Sunday September 16, 2018
Marty Grosz & Chicago Friends
Andy Schumm, Dave Bock, John Otto,
Mike Walbridge, Paul Asaro
Marty Grosz is widely recognized as today's foremost jazz rhythm guitarist and chord soloist. Marty is an outspoken proponent of acoustic guitar—and a rare player who doesn't have to stop if the lights go out. He is virtually the only major jazz guitarist who doesn’t use an amplifier. This makes him either the last remaining proponent of the acoustic guitar tradition in jazz or the lone harbinger of a new non-electric movement.
Marty sings, too. They are delivered in styles ranging from barrelhouse abandon to whispered restraint, and are sometimes raucous or mischievous, but almost always with a wry sense of the absurd. His spontaneous monologs are often hilarious; His vocals are in the Fats Waller tradition.

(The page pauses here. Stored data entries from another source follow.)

lemma dot_stable_H_C_sym:
  assumes "a \<in> {1..n}" and "b \<in> {1..n}"
  shows "dot_stable n (H_C_sym n C a b)"
  using assms unfolding dot_stable_def
  by (auto simp: H_C_sym_iff H_C_dot star_dot transpose_Sn simp del: atLeastAtMost_iff)

lemma is_submodule_H_C_alt:
  assumes "a \<in> {1..n}" and "b \<in> {1..n}"
  shows "is_submodule n (H_C_alt n C a b)"
  unfolding is_submodule_def
proof (intro conjI ballI subsetI)
  let ?D = "xx n a - xx n b"
  have sym: "is_submodule n (H_C_sym n C a b)" using assms by (rule is_submodule_H_C_sym)
  fix F assume "F \<in> H_C_alt n C a b"
  then obtain f where f: "f \<in> H_C_sym n C a b" "F = ?D * f" by (auto simp: H_C_alt_iff)
  show "F \<in> HH n" using sym f assms unfolding is_submodule_def by (blast intro: HH_mult HH_diff xx_HH)
  {
    fix G assume "G \<in> H_C_alt n C a b"
    then obtain g where g: "g \<in> H_C_sym n C a b" "G = ?D * g" by (auto simp: H_C_alt_iff)
    have "F + G = ?D * (f + g)" by (simp add: f(2) g(2) distrib_left)
    then show "F + G \<in> H_C_alt n C a b"
      using sym f(1) g(1) unfolding H_C_alt_iff is_submodule_def by blast
  }
  fix p assume "p \<in> polys n"
  have "const n p * F = ?D * (const n p * f)" by (simp add: f(2) mult.left_commute)
  then show "const n p * F \<in> H_C_alt n C a b"
    using sym f(1) \<open>p \<in> polys n\<close> unfolding H_C_alt_iff is_submodule_def by blast
next
  show "0 \<in> H_C_alt n C a b"
    using is_submodule_H_C_sym[OF assms]
    by (auto simp: H_C_alt_iff is_submodule_def intro!: bexI[of _ 0])
qed
(* Let $\mathcal{G}$ be a simple temporal clique and let $\mathcal{T}^-=(V,E^-_T)$ be obtained by the forward construction. Every vertex $v$ that is not an emitter can reach a vertex $v'$ lying in the same in-tree of $\mathcal{T}^-$ as $v$ (emitter or not) by a journey of length at most two whose last edge is $e^-(v')$.
   Context: A simple temporal clique is a pair $\mathcal{G}=(G,\lambda)$ where $G=(V,E)$ is the complete graph on a finite vertex set $V$ and $\lambda:E\to\mathbb{N}$ assigns to each edge a single integer label such that any two distinct edges sharing an endpoint have different labels; the label of an arc $(x,y)$ is $\lambda(\{x,y\})$. A journey from $x$ to $y$ is a sequence of vertices $x=u_0,\dots,u_k=y$ ($k\ge1$) with $\lambda(\{u_{i-1},u_i\})<\lambda(\{u_i,u_{i+1}\})$ for $1\le i<k$; its length is $k$ and its last edge is $\{u_{k-1},u_k\}$. For a vertex $v$, $e^-(v)$ is the edge incident to $v$ with smallest label. Forward construction: let $E^-$ be the set of arcs $(u,v)$ with $\{u,v\}=e^-(v)$, except that if $e^-(u)=e^-(v)=\{u,v\}$ only one of the two arcs $(u,v),(v,u)$ is included (arbitrarily). Initialize $E^-_T:=E^-$. For every vertex $v$ of out-degree at least $2$ in $(V,E^-)$, let $(v,u_1),\dots,(v,u_\ell)$ be its out-arcs in $E^-$, where $(v,u_\ell)$ has the largest label; for each $i<\ell$, if $u_i$ has out-degree $0$ in $(V,E^-)$, replace $(v,u_i)$ by $(u_i,v)$ in $E^-_T$, and otherwise remove $(v,u_i)$ from $E^-_T$. Set $\mathcal{T}^-=(V,E^-_T)$. Its weakly connected components are called in-trees; an emitter is a vertex of out-degree $0$ in $\mathcal{T}^-$. *)

theory Defs
  imports Main
begin

definition simple_temporal_clique :: "'v set \<Rightarrow> ('v set \<Rightarrow> nat) \<Rightarrow> bool" where
  "simple_temporal_clique V lam \<longleftrightarrow> finite V \<and>
     (\<forall>x\<in>V. \<forall>y\<in>V. \<forall>z\<in>V. x \<noteq> y \<longrightarrow> x \<noteq> z \<longrightarrow> y \<noteq> z \<longrightarrow> lam {x,y} \<noteq> lam {x,z})"

text \<open>emin V lam v u  means  e^-(v) = {v,u}.\<close>
definition emin :: "'v set \<Rightarrow> ('v set \<Rightarrow> nat) \<Rightarrow> 'v \<Rightarrow> 'v \<Rightarrow> bool" where
  "emin V lam v u \<longleftrightarrow> v \<in> V \<and> u \<in> V \<and> u \<noteq> v \<and>
     (\<forall>w\<in>V. w \<noteq> v \<longrightarrow> w \<noteq> u \<longrightarrow> lam {v,u} < lam {v,w})"

text \<open>Em is an admissible choice of E^-: all arcs (u,v) with e^-(v) = {u,v}, where for
  mutual minimal edges exactly one of the two arcs is kept (arbitrary choice).\<close>
definition valid_Eminus :: "'v set \<Rightarrow> ('v set \<Rightarrow> nat) \<Rightarrow> ('v \<times> 'v) set \<Rightarrow> bool" where
  "valid_Eminus V lam Em \<longleftrightarrow>
     (\<forall>u v. (u,v) \<in> Em \<longrightarrow> emin V lam v u) \<and>
     (\<forall>u v. emin V lam v u \<longrightarrow> \<not> emin V lam u v \<longrightarrow> (u,v) \<in> Em) \<and>
     (\<forall>u v. emin V lam v u \<longrightarrow> emin V lam u v \<longrightarrow> ((u,v) \<in> Em \<longleftrightarrow> (v,u) \<notin> Em))"

text \<open>Arcs (v,u) of Em that are not the largest-label out-arc of v (these are exactly the arcs
  (v,u_i), i < l, of vertices v of out-degree at least 2).\<close>
definition nonmax_arcs :: "('v set \<Rightarrow> nat) \<Rightarrow> ('v \<times> 'v) set \<Rightarrow> ('v \<times> 'v) set" where
  "nonmax_arcs lam Em = {(v,u). (v,u) \<in> Em \<and> (\<exists>w. (v,w) \<in> Em \<and> lam {v,u} < lam {v,w})}"

definition forward_ET :: "('v set \<Rightarrow> nat) \<Rightarrow> ('v \<times> 'v) set \<Rightarrow> ('v \<times> 'v) set" where
  "forward_ET lam Em = (Em - nonmax_arcs lam Em) \<union>
     {(u,v). (v,u) \<in> nonmax_arcs lam Em \<and> (\<forall>x. (u,x) \<notin> Em)}"

definition emitter :: "'v set \<Rightarrow> ('v \<times> 'v) set \<Rightarrow> 'v \<Rightarrow> bool" where
  "emitter V ET v \<longleftrightarrow> v \<in> V \<and> (\<forall>x. (v,x) \<notin> ET)"

text \<open>Same in-tree = same weakly connected component of (V, ET).\<close>
definition same_in_tree :: "'v set \<Rightarrow> ('v \<times> 'v) set \<Rightarrow> 'v \<Rightarrow> 'v \<Rightarrow> bool" where
  "same_in_tree V ET x y \<longleftrightarrow> x \<in> V \<and> y \<in> V \<and> (x,y) \<in> (ET \<union> ET\<inverse>)\<^sup>*"

text \<open>A journey given as its vertex sequence u_0,...,u_k (k \<ge> 1); its length is k = length p - 1.\<close>
definition journey :: "'v set \<Rightarrow> ('v set \<Rightarrow> nat) \<Rightarrow> 'v list \<Rightarrow> bool" where
  "journey V lam p \<longleftrightarrow> length p \<ge> 2 \<and> set p \<subseteq> V \<and>
     (\<forall>i. Suc i < length p \<longrightarrow> p ! i \<noteq> p ! Suc i) \<and>
     (\<forall>i. i + 2 < length p \<longrightarrow> lam {p ! i, p ! (i+1)} < lam {p ! (i+1), p ! (i+2)})"

end

theory Submission
  imports Defs
begin

text \<open>An arc (v,x) of the forward construction is either an arc of E^- that was kept, so that
  e^-(x) = {v,x} and the single edge is the journey, or the reversal of a non-maximal out-arc
  (x,v) of x. In the latter case e^-(v) = {x,v}, and following it by the maximal-label out-arc
  (x,w) of x, which is kept in E^-_T and has e^-(w) = {x,w}, gives the journey v, x, w. Both
  journeys stay inside the in-tree of v because they follow arcs of E^-_T.\<close>

lemma valid_Eminus_arc_emin:
  assumes "valid_Eminus V lam Em" and "(u, v) \<in> Em"
  shows "emin V lam v u"
  using assms unfolding valid_Eminus_def by blast

lemma valid_Eminus_subset:
  assumes "valid_Eminus V lam Em"
  shows "Em \<subseteq> V \<times> V"
  using valid_Eminus_arc_emin[OF assms] unfolding emin_def by auto

lemma finite_Image_subset:
  assumes "finite V" and "R \<subseteq> V \<times> V"
  shows "finite (R `` {x})"
proof (rule finite_subset)
  show "R `` {x} \<subseteq> V" using assms(2) by blast
qed (fact assms(1))

lemma kept_arcs_subset_forward_ET: "Em - nonmax_arcs lam Em \<subseteq> forward_ET lam Em"
  unfolding forward_ET_def by blast

lemma forward_ET_arc_cases:
  assumes "(v, x) \<in> forward_ET lam Em"
  obtains "(v, x) \<in> Em - nonmax_arcs lam Em" | "(x, v) \<in> nonmax_arcs lam Em"
  using assms unfolding forward_ET_def by blast

lemma nonmax_arc_below_kept_arc:
  assumes "finite (Em `` {x})" and "(x, v) \<in> nonmax_arcs lam Em"
  obtains w where "(x, w) \<in> Em - nonmax_arcs lam Em" and "lam {x, v} < lam {x, w}"
proof -
  let ?labels = "(\<lambda>w. lam {x, w}) ` (Em `` {x})"
  have "(x, v) \<in> Em" and above_v: "\<exists>u. (x, u) \<in> Em \<and> lam {x, v} < lam {x, u}"
    using assms(2) unfolding nonmax_arcs_def by auto
  then have "Max ?labels \<in> ?labels"
    using assms(1) by (intro Max_in) auto
  then obtain w where xw: "(x, w) \<in> Em" and w_max: "lam {x, w} = Max ?labels"
    by auto
  have le_w: "lam {x, u} \<le> lam {x, w}" if "(x, u) \<in> Em" for u
    unfolding w_max using assms(1) that by (intro Max_ge) auto
  show ?thesis
  proof
    show "(x, w) \<in> Em - nonmax_arcs lam Em"
      using xw le_w unfolding nonmax_arcs_def by (auto simp: not_less)
    show "lam {x, v} < lam {x, w}"
      using above_v le_w by (meson less_le_trans)
  qed
qed

lemma journey_single_edge_iff:
  "journey V lam [a, b] \<longleftrightarrow> a \<in> V \<and> b \<in> V \<and> a \<noteq> b"
  unfolding journey_def by (auto simp: less_Suc_eq)

lemma journey_two_edges_iff:
  "journey V lam [a, b, c] \<longleftrightarrow>
     a \<in> V \<and> b \<in> V \<and> c \<in> V \<and> a \<noteq> b \<and> b \<noteq> c \<and> lam {a, b} < lam {b, c}"
  unfolding journey_def by (auto simp: less_Suc_eq)

lemma reversed_arc_journey:
  assumes "finite V" and "valid_Eminus V lam Em" and "(x, v) \<in> nonmax_arcs lam Em"
  obtains w where "(x, w) \<in> forward_ET lam Em" and "journey V lam [v, x, w]"
    and "emin V lam w x"
proof -
  have "finite (Em `` {x})"
    using assms(1) valid_Eminus_subset[OF assms(2)] by (rule finite_Image_subset)
  then obtain w where xw: "(x, w) \<in> Em - nonmax_arcs lam Em" and vw: "lam {x, v} < lam {x, w}"
    using nonmax_arc_below_kept_arc[OF _ assms(3)] by blast
  have "(x, v) \<in> Em" using assms(3) unfolding nonmax_arcs_def by blast
  then have evx: "emin V lam v x" by (rule valid_Eminus_arc_emin[OF assms(2)])
  have ewx: "emin V lam w x" using xw valid_Eminus_arc_emin[OF assms(2)] by blast
  show ?thesis
  proof
    show "(x, w) \<in> forward_ET lam Em" using xw kept_arcs_subset_forward_ET by blast
    show "journey V lam [v, x, w]"
      using evx ewx vw unfolding journey_two_edges_iff emin_def by (auto simp: insert_commute)
  qed (fact ewx)
qed

lemma same_in_tree_if_rtrancl:
  assumes "x \<in> V" and "y \<in> V" and "(x, y) \<in> ET\<^sup>*"
  shows "same_in_tree V ET x y"
  using assms rtrancl_mono[of ET "ET \<union> ET\<inverse>"] unfolding same_in_tree_def by blast

theorem lemma4:
  fixes V :: "'v set" and lam :: "'v set \<Rightarrow> nat" and Em :: "('v \<times> 'v) set"
  assumes "simple_temporal_clique V lam"
    and "valid_Eminus V lam Em"
    and "v \<in> V"
    and "\<not> emitter V (forward_ET lam Em) v"
  shows "\<exists>v' p. same_in_tree V (forward_ET lam Em) v v' \<and>
           journey V lam p \<and> hd p = v \<and> last p = v' \<and> length p \<le> 3 \<and>
           emin V lam v' (p ! (length p - 2))"
proof -
  let ?ET = "forward_ET lam Em"
  obtain x where vx: "(v, x) \<in> ?ET"
    using assms(3,4) unfolding emitter_def by blast
  then show ?thesis
  proof (cases rule: forward_ET_arc_cases)
    case 1
    then have exv: "emin V lam x v" using valid_Eminus_arc_emin[OF assms(2)] by blast
    then have "journey V lam [v, x]"
      unfolding journey_single_edge_iff emin_def by auto
    moreover have "same_in_tree V ?ET v x"
      using vx exv unfolding emin_def by (auto intro: same_in_tree_if_rtrancl)
    ultimately show ?thesis
      using exv by (intro exI[of _ x] exI[of _ "[v, x]"]) simp
  next
    case 2
    have "finite V" using assms(1) unfolding simple_temporal_clique_def by blast
    then obtain w where xw: "(x, w) \<in> ?ET" and "journey V lam [v, x, w]"
      and ewx: "emin V lam w x"
      using reversed_arc_journey[OF _ assms(2) 2] by blast
    moreover have "same_in_tree V ?ET v w"
      using vx xw assms(3) ewx unfolding emin_def
      by (meson converse_rtrancl_into_rtrancl r_into_rtrancl same_in_tree_if_rtrancl)
    ultimately show ?thesis
      by (intro exI[of _ w] exI[of _ "[v, x, w]"]) simp
  qed
qed

end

Martin O. Grosz was born in Berlin, Germany on February 28, 1930. He has been a resident of the USA since the age of three and began playing ukulele at the age of eight. A few years later he heard a record that highlighted guitarist Bernard Addison’s shuffle-beat behind Roy Eldridge’s trumpet. Out went the uke and in came the banjo and guitar.
While growing up in New York, Marty attended Columbia University and in 1950, recorded his first record with a band that included the young pianist, Dick Wellstood and the veteran New Orleans bassist, Pops Foster. Settled in Chicago for nearly 20 years, he played with many of Chicago’s jazz stars such as Albert Ammons, Floyd O’Brien, Art Hodes and Jim Lannigan and he recorded with Dave Remington, Art Hodes, and Albert Nicholas in the 1950s.
It was in 1959 with Marty Grosz, Nappy Trottier, Albert Nicholas and Art Hodes that Mike Walbridge made his first recording. It was done by the Chicago Delmark label. Mike has continued his association with Marty by putting together the “Chicago Friends” for this concert.
Marty returned to New York in 1975 to join Bob Wilber and Kenny Davern’s Soprano Summit. He then toured and recorded with Dick Wellstood’s Friends of Fats, Yank Lawson and Bob Haggart and the New York Jazz Repertory Orchestra directed by Dick Hyman. Later he headed the Orphan Newsboys, a superb quartet that included Peter Ecklund, Bobby Gordon and Bassist Greg Cohen.
Marty has appeared at guitar concerts with such players as Joe Pass, Herb Ellis and Charlie Byrd. He enjoys playing guitar duets and often works in a duet context with a violinist or saxophonist.